04/21/07 Bob Gwizdz (517) 487-8888 ext. 237 [email protected]

James R. Richardson, a 48-year-old engineer from Ontonagon, has been appointed to the Natural Resources Commission by Gov. Jennifer Granholm to replace Bob Garner, who had asked not to be re-appointed.

Richardson is a lifelong outdoorsman who works at Smurfit Stone, Inc., which makes corrugated cardboard.

"I'm thrilled to death, to be honest with you," Richardson said. "I've worked with the MDNR (Michigan Department of Natural Resources) for years on anything from brook trout planting to salmon planting to sturgeon planting. To be on the commission and be able to go further with that is something I've looked forward to for a long time."

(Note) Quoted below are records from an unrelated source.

lemma measurable_cond_prob_increment:
  fixes X :: "nat \<Rightarrow> 'b \<Rightarrow> 'a::topological_space"
  assumes "A \<in> sets borel" and "n < m"
  shows "cond_prob_increment M X A n \<in> borel_measurable (past_sigma M X m)"
proof -
  have "cond_prob_past M X n A \<in> borel_measurable (past_sigma M X m)"
    using subalgebra_past_sigma_mono[of n m] \<open>n < m\<close> unfolding cond_prob_past_def
    by (intro measurable_from_subalg[OF _ borel_measurable_nn_cond_exp]) auto
  moreover have "X n \<in> borel_measurable (past_sigma M X m)"
    using \<open>n < m\<close> by (rule measurable_past_sigma)
  ultimately show ?thesis
    unfolding cond_prob_increment_def[abs_def] using assms(1) by measurable
qed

Richardson, who goes by "J. R.," is a 1976 graduate of Ontonagon High School. He received a degree in chemical engineering at Michigan Tech. After a stint in graduate school, Richardson has worked in a number of positions at the mill. Currently, he is a technical manager, overseeing quality and environmental engineering.

Richardson, who has backpacked in the Porcupine Mountains every year over Mother's Day for 30 years, says his father was born on the Brule River, where he spent a lot of time canoeing as a youth. He hunts grouse and deer and keeps a boat on Lake Superior, where he fishes for lake trout and walleye, he said.

"We spend a lot of time out of doors up here," he said.

Ironically, Richardson, who was scheduled to attend the April 12 NRC meeting in Lansing, was unable to get there.

"I got snowed in twice, first in Marquette, then in Traverse City," he said. "It won't happen again. Next time I'll drive."

Richardson said he brings no preconceived notions to his new position.

"I'm waiting to be prepped and find out what the issues are," he said. "I'm looking forward to helping the state anyway I can."

Richardson is the second Upper Peninsula resident serving on the NRC. John Madigan of Munising, who chairs the NRC's Wildlife and Fisheries committee, was recently re-appointed by the governor for another three years.